(RECORDS SUPPLIED)
......

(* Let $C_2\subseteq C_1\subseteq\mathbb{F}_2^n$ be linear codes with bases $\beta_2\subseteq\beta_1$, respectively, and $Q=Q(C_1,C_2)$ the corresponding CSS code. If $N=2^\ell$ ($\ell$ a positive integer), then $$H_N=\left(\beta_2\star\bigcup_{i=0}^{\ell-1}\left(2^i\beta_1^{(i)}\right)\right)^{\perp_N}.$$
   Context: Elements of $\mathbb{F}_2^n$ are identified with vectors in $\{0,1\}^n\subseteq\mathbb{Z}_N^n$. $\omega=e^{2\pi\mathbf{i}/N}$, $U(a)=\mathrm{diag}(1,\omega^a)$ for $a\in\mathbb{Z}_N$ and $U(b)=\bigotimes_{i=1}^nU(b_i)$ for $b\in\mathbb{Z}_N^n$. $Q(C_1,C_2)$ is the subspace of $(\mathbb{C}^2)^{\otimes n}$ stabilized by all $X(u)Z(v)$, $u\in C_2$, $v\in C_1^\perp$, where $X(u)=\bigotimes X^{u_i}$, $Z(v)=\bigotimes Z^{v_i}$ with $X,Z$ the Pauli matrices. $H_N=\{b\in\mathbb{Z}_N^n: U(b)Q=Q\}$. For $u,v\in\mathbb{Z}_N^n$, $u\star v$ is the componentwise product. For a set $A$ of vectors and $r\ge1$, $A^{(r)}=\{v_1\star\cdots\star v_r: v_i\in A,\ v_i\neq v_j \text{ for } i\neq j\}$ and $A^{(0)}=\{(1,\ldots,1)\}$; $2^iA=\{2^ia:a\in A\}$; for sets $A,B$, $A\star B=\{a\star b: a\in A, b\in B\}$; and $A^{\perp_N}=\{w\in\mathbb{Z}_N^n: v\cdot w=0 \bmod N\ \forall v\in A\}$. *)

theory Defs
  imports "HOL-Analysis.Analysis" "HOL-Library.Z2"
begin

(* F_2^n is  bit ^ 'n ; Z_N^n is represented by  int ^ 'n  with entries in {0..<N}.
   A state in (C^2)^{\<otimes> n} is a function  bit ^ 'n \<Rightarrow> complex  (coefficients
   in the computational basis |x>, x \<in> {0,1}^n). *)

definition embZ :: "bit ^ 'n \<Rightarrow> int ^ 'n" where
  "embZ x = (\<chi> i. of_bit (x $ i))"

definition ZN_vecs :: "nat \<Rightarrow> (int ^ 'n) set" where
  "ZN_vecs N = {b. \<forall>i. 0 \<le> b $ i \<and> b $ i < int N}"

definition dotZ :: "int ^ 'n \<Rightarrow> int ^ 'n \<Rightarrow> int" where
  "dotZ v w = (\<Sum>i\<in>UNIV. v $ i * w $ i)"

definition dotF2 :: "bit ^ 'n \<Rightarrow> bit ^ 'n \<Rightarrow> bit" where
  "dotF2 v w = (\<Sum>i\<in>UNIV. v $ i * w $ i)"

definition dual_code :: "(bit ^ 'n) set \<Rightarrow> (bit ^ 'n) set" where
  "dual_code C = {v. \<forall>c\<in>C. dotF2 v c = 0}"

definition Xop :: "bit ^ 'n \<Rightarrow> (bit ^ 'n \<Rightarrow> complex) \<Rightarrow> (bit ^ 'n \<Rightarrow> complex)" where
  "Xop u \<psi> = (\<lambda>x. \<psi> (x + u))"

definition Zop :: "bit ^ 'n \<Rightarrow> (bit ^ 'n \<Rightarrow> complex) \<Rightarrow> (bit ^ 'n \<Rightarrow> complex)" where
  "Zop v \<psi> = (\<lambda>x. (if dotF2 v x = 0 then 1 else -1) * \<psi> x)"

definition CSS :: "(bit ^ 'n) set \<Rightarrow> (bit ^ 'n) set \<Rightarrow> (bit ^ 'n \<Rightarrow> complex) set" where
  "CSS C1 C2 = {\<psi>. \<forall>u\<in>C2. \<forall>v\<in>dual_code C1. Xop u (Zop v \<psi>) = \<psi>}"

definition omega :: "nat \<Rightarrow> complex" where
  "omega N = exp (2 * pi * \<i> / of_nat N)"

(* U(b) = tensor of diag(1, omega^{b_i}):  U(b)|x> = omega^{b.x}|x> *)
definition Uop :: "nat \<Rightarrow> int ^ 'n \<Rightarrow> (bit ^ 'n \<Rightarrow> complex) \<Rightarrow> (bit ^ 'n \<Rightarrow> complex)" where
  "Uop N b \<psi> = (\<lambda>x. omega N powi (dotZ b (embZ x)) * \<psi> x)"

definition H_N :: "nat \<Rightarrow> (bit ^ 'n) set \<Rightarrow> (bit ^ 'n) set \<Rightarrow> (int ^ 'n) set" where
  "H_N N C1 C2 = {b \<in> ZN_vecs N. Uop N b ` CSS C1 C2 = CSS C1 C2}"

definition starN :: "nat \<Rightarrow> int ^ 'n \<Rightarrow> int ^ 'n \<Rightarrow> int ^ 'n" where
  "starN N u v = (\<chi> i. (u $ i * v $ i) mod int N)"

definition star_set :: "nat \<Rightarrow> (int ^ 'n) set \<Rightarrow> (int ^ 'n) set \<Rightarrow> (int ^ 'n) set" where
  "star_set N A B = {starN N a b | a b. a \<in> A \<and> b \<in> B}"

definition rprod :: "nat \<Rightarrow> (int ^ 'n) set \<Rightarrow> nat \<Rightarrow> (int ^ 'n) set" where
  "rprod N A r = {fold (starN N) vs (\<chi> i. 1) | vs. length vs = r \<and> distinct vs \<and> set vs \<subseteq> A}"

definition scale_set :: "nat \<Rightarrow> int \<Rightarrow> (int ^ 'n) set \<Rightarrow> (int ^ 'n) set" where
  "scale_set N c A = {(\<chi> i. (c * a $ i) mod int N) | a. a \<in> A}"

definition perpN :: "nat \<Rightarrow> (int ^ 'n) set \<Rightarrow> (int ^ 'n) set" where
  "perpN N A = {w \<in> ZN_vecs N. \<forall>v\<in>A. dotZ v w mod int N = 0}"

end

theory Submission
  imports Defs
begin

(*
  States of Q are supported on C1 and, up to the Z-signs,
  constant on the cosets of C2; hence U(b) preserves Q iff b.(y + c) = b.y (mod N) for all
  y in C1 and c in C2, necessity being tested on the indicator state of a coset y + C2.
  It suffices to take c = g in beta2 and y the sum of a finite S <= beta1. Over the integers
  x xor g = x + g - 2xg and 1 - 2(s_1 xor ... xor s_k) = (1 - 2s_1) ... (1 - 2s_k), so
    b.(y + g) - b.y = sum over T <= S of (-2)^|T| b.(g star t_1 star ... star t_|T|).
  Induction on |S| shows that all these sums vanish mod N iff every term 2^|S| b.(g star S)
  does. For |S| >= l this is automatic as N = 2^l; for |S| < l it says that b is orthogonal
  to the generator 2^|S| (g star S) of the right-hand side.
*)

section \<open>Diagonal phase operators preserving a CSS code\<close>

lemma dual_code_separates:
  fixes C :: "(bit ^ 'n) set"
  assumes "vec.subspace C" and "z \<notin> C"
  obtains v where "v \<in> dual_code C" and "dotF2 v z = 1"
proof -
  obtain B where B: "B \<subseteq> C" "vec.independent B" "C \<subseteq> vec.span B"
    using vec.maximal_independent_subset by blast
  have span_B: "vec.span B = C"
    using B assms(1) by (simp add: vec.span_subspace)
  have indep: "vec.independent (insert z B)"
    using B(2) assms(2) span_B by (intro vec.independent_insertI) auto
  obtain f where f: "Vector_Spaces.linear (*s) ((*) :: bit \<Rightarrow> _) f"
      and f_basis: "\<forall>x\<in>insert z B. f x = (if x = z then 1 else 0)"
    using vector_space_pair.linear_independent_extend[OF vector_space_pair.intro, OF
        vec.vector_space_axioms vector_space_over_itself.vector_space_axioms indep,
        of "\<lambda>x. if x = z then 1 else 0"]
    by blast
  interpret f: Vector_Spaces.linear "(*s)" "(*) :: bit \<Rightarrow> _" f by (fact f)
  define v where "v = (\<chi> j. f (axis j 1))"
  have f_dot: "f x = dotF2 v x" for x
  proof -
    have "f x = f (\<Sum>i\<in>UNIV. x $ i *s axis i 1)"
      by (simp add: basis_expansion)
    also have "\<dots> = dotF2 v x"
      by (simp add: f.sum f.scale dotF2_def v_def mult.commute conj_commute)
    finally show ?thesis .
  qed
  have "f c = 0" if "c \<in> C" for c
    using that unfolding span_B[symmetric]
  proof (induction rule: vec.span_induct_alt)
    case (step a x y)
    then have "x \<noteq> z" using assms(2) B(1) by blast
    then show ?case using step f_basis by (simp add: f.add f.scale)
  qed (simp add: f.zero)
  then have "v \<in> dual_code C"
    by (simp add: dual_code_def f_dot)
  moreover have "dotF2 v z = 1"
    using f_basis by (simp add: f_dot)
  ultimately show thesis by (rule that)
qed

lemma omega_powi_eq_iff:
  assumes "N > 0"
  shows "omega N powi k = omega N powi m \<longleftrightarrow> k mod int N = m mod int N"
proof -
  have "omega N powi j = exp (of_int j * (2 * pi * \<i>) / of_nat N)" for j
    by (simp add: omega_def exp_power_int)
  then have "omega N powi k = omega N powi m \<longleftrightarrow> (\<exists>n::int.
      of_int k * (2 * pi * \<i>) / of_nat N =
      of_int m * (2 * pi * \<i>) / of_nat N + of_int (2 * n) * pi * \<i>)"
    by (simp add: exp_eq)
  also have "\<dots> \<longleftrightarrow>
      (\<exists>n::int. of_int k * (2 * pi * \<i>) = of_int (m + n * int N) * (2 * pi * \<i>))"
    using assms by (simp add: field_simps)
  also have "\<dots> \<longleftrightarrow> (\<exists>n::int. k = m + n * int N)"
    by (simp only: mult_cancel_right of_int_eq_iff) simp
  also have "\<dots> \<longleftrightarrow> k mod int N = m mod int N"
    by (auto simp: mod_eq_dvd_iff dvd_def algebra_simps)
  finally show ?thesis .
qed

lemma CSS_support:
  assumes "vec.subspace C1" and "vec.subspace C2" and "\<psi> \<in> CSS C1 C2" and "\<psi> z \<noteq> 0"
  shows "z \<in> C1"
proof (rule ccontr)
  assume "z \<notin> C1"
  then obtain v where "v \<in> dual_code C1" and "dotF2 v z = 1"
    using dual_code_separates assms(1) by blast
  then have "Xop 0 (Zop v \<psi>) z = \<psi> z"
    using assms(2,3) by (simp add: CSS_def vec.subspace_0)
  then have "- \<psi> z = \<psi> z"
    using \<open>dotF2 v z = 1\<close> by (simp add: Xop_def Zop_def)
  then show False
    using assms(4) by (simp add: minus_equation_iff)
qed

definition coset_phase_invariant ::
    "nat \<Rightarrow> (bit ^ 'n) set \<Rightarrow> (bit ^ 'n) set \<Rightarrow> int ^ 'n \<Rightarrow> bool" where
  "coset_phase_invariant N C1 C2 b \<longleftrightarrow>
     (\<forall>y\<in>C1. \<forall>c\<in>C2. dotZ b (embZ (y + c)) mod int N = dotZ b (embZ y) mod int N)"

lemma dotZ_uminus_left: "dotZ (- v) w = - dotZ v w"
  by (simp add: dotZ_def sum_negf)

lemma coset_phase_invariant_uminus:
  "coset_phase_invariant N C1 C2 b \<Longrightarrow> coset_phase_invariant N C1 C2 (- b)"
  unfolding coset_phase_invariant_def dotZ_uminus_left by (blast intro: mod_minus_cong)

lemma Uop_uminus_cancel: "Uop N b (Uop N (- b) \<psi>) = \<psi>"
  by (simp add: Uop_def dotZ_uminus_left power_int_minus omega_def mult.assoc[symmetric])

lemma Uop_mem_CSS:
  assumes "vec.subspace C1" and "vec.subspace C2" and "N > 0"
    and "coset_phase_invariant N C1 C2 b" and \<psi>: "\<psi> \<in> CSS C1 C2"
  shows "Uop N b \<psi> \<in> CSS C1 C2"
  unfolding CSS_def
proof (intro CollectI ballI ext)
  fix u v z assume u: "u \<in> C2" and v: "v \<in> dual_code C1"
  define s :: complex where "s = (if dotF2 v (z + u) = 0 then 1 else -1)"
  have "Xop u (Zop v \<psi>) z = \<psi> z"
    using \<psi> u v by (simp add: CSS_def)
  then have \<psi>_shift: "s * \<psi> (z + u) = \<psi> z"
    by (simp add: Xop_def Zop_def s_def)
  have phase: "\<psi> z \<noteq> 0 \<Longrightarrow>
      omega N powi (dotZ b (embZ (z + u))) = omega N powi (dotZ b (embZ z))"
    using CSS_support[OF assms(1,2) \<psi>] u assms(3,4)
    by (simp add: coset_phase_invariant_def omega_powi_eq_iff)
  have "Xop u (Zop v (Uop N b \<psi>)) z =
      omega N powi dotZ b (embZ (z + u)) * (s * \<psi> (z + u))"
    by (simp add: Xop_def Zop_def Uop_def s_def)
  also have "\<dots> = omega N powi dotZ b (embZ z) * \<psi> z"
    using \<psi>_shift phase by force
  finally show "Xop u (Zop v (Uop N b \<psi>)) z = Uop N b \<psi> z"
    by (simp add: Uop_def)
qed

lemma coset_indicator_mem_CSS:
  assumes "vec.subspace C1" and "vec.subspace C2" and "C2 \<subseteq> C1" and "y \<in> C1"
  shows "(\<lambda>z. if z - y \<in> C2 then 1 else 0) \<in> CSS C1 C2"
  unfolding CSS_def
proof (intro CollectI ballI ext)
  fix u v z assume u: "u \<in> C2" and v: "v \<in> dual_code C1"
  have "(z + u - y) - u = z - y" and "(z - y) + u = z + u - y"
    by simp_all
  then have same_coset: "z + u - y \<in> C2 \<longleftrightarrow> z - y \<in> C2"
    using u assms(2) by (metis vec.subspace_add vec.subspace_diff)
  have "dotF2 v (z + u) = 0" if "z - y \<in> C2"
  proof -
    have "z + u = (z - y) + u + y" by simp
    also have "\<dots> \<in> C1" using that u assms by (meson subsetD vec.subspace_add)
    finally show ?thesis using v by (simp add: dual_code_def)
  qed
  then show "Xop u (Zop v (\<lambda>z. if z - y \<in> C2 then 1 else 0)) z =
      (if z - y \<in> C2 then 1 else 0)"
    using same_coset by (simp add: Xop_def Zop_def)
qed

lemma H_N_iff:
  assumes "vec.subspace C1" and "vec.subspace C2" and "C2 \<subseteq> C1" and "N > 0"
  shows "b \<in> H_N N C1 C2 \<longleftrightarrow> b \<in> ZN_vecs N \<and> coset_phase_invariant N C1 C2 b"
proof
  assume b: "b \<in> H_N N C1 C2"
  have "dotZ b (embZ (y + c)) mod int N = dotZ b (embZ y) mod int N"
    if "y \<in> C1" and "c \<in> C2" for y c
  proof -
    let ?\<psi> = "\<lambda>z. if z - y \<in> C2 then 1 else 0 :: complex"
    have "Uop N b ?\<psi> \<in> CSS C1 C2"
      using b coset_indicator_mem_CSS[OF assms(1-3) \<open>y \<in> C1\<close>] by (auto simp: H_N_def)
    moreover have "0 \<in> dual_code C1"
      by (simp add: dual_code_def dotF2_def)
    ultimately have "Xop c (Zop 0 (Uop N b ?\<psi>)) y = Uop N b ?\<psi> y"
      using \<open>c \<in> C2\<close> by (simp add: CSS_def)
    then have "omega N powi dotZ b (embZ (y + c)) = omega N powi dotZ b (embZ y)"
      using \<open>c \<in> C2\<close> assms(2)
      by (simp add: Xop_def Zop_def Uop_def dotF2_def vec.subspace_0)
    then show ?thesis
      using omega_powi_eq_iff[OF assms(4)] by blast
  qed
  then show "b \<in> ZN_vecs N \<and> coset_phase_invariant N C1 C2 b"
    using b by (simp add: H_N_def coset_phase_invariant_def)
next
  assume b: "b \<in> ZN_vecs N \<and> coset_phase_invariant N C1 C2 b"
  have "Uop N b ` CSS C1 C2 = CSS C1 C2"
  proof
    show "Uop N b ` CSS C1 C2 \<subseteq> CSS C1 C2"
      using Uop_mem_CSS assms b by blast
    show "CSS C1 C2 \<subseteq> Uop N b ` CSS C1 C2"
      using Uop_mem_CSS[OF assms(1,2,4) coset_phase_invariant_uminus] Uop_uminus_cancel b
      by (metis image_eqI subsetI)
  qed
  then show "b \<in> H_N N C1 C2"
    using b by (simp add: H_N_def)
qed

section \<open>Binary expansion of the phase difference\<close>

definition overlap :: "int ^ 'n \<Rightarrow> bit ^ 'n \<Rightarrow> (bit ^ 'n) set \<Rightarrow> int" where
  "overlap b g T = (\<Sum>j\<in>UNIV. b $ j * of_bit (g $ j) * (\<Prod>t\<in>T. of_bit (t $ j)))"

......

(ASSIGNMENT) Only lines containing the word "intro" should appear in the answer, and every such line from the records above must be there.

(FINAL ANSWER)
    using B(2) assms(2) span_B by (intro vec.independent_insertI) auto
    using vector_space_pair.linear_independent_extend[OF vector_space_pair.intro, OF
  unfolding coset_phase_invariant_def dotZ_uminus_left by (blast intro: mod_minus_cong)
proof (intro CollectI ballI ext)
proof (intro CollectI ballI ext)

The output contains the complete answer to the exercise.